The homeless situation on Veterans Row lasted almost two years before the tents came down in November 2022, and the veterans began moving into the eight- by eight-foot tiny homes on the VA campus.
Now, Reynolds helps homeless veterans at the shelters as a member of American Veterans Post 2 in Los Angeles.
While the tiny homes are a step up from living on the street, Reynolds said more should be done to meet the long-term housing needs of veterans.
“I’m happy there’s at least something where they can show up and have a place to stay,” he told The Epoch Times. “They should be in buildings.
“I think it’s disgraceful you have all these empty buildings [on campus] and all these veterans in sheds with wheelchairs and walkers. It’s crazy.”
Northrop said the worst part of having PTSD is its inner nature, especially during a pandemic, and having to sit around nursing one’s thoughts.

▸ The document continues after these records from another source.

text \<open>tau : D(B) -> D(A), d goes to the operator it induces on B/tB = A.\<close>
definition tau :: "'b::ring_1 \<Rightarrow> ((nat \<Rightarrow> 'b set) \<Rightarrow> (nat \<Rightarrow> 'a)) \<Rightarrow> ('b \<Rightarrow> 'b) \<Rightarrow> ('a \<Rightarrow> 'a)" where
  "tau t theta d = (\<lambda>a. residue t theta (d (SOME b. residue t theta b = a)))"

text \<open>s : D(A) -> D(B) a k-algebra homomorphism (composition as product).\<close>
definition kalg_hom :: "('k \<Rightarrow> 'a::comm_ring_1) \<Rightarrow> ('k \<Rightarrow> 'b::ring_1) \<Rightarrow> 'b
    \<Rightarrow> (('a \<Rightarrow> 'a) \<Rightarrow> ('b \<Rightarrow> 'b)) \<Rightarrow> bool" where
  "kalg_hom iA iB t s \<longleftrightarrow> (\<forall>d\<in>DA iA. s d \<in> DB iB t)
     \<and> (\<forall>d1\<in>DA iA. \<forall>d2\<in>DA iA. s (d1 \<circ> d2) = s d1 \<circ> s d2
                            \<and> s (\<lambda>x. d1 x + d2 x) = (\<lambda>x. s d1 x + s d2 x))
     \<and> s id = id
     \<and> (\<forall>c. \<forall>d\<in>DA iA. s (\<lambda>x. iA c * d x) = (\<lambda>x. iB c * s d x))"

definition bmod :: "nat \<Rightarrow> 'b::ring_1 \<Rightarrow> (('a::comm_ring_1 \<Rightarrow> 'a) \<Rightarrow> ('b \<Rightarrow> 'b))
    \<Rightarrow> (nat \<Rightarrow> 'a) \<Rightarrow> 'b \<Rightarrow> 'b" where
  "bmod n t s p b = (\<Sum>j\<le>n. t ^ j * s (\<lambda>x. p j * x) b)"

end

theory Submission
  imports Defs
begin

(* Write R for the residue map B -> B/tB = A. It is additive with kernel tB, and the graded
   isomorphism (multiplication by t is the shift on A[t]/(t^(n+1))) shows that t^k c = 0 with
   k <= n forces R c = 0. Every s(a) is additive and t-linear, so it preserves tB and
   R (s(a) b) = tau (s(a)) (R b) = a R b; this is (i).
   For (ii) take the generator 1 and put S a = s(a)(1), an additive section of R. Then every
   b is uniquely a sum of t^j S(a_j), j <= n: existence by successive approximation modulo
   t^k, uniqueness by applying R after cancelling the power of t in front of the lowest
   nonzero coefficient. *)

section \<open>The t-adic filtration\<close>

lemma tpow_ideal_iff: "x \<in> tpow_ideal t j \<longleftrightarrow> (\<exists>y. x = t ^ j * y)"
  unfolding tpow_ideal_def by auto

lemma tpow_ideal_zero [simp]: "(0::'b::ring_1) \<in> tpow_ideal t j"
  unfolding tpow_ideal_iff by (metis mult_zero_right)

lemma tpow_ideal_add:
  "x \<in> tpow_ideal t j \<Longrightarrow> y \<in> tpow_ideal t j \<Longrightarrow> (x::'b::ring_1) + y \<in> tpow_ideal t j"
  unfolding tpow_ideal_iff by (metis distrib_left)

lemma tpow_ideal_diff:
  "x \<in> tpow_ideal t j \<Longrightarrow> y \<in> tpow_ideal t j \<Longrightarrow> (x::'b::ring_1) - y \<in> tpow_ideal t j"
  unfolding tpow_ideal_iff by (metis right_diff_distrib)

lemma tpow_ideal_SucD: "(x::'b::ring_1) \<in> tpow_ideal t (Suc j) \<Longrightarrow> x \<in> tpow_ideal t j"
  unfolding tpow_ideal_iff by (metis mult.assoc power_Suc2)

lemma tpow_ideal_mult_right: "(x::'b::ring_1) \<in> tpow_ideal t j \<Longrightarrow> x * z \<in> tpow_ideal t j"
  unfolding tpow_ideal_iff by (auto simp: mult.assoc)

lemma tpow_ideal_mult:
  fixes t :: "'b::ring_1"
  assumes central: "\<forall>z. t * z = z * t"
    and "x \<in> tpow_ideal t i" "y \<in> tpow_ideal t j"
  shows "x * y \<in> tpow_ideal t (i + j)"
proof -
  obtain a b where "x = t ^ i * a" "y = t ^ j * b"
    using assms(2,3) unfolding tpow_ideal_iff by blast
  moreover have "a * t ^ j = t ^ j * a"
    using power_commuting_commutes[of t a j] central by simp
  ultimately have "x * y = t ^ (i + j) * (a * b)"
    by (metis mult.assoc power_add)
  then show ?thesis unfolding tpow_ideal_iff by blast
qed

lemma tpow_ideal_sum:
  "(\<And>a. a \<in> A \<Longrightarrow> f a \<in> tpow_ideal t j) \<Longrightarrow> (sum f A :: 'b::ring_1) \<in> tpow_ideal t j"
  by (induction A rule: infinite_finite_induct) (simp_all add: tpow_ideal_add)

lemma coset_self: "(x::'b::ring_1) \<in> coset t j x"
  unfolding coset_def using tpow_ideal_zero by force

lemma coset_eq_iff: "coset t j x = coset t j (y::'b::ring_1) \<longleftrightarrow> x - y \<in> tpow_ideal t (Suc j)"
proof
  assume "coset t j x = coset t j y"
  then have "x \<in> coset t j y" using coset_self by metis
  then show "x - y \<in> tpow_ideal t (Suc j)" unfolding coset_def by auto
next
  have subset: "coset t j a \<subseteq> coset t j b" if "a - b \<in> tpow_ideal t (Suc j)" for a b :: 'b
  proof
    fix w assume "w \<in> coset t j a"
    then obtain z where z: "z \<in> tpow_ideal t (Suc j)" "w = a + z" unfolding coset_def by auto
    then have "w = b + ((a - b) + z)" by simp
    moreover have "(a - b) + z \<in> tpow_ideal t (Suc j)" using tpow_ideal_add that z(1) by blast
    ultimately show "w \<in> coset t j b" unfolding coset_def by blast
  qed
  assume "x - y \<in> tpow_ideal t (Suc j)"
  moreover from this have "y - x \<in> tpow_ideal t (Suc j)"
    using tpow_ideal_diff[OF tpow_ideal_zero] by fastforce
  ultimately show "coset t j x = coset t j y" using subset by blast
qed

lemma rep_coset: "rep (coset t j x) - (x::'b::ring_1) \<in> tpow_ideal t (Suc j)"
proof -
  have "rep (coset t j x) \<in> coset t j x" unfolding rep_def by (rule someI, rule coset_self)
  then show ?thesis unfolding coset_def by auto
qed

lemma coset_rep_add:
  "coset t j (rep (coset t j x) + rep (coset t j y)) = coset t j ((x::'b::ring_1) + y)"
proof -
  have "rep (coset t j x) + rep (coset t j y) - (x + y)
      = (rep (coset t j x) - x) + (rep (coset t j y) - y)" by simp
  then show ?thesis unfolding coset_eq_iff by (metis rep_coset tpow_ideal_add)
qed

lemma rep_in_tpow_ideal: "g \<in> grB t \<Longrightarrow> rep (g j) \<in> tpow_ideal t j"
proof -
  assume "g \<in> grB t"
  then obtain y where y: "y \<in> tpow_ideal t j" "g j = coset t j y"
    unfolding grB_def gr_piece_def by blast
  have "rep (g j) = (rep (g j) - y) + y" by simp
  moreover have "rep (g j) - y \<in> tpow_ideal t j" using rep_coset[of t j y] y(2) tpow_ideal_SucD by metis
  ultimately show ?thesis using tpow_ideal_add y(1) by metis
qed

Trina believes her son Brendan might not have survived if it hadn’t been for the emotional support from OTOW.
“I don’t think [veterans are] taught to come back into the civilian world,” she said. “You’re always in survival mode. But when you come back to the civilian world, if there’s nobody to help you or talk to you, your mind is constantly in that mode.
“I believe in my heart Tom and Shannon saved Brandon. I think he would have committed suicide.”
West said the most important thing missing in the lives of veterans is the close brotherhood they experienced in the military.
That sense of purpose and belonging is the key to a lasting recovery from PTSD, he said.
“I don’t believe there’s a point of no return with any human being,” West said, although “nothing will match what you did in the service.”
He said when you put on the uniform, “when you’re with your brothers and sisters—I'll tell you, there’s nothing greater in life than that experience. And then, when you come out, it all goes away.”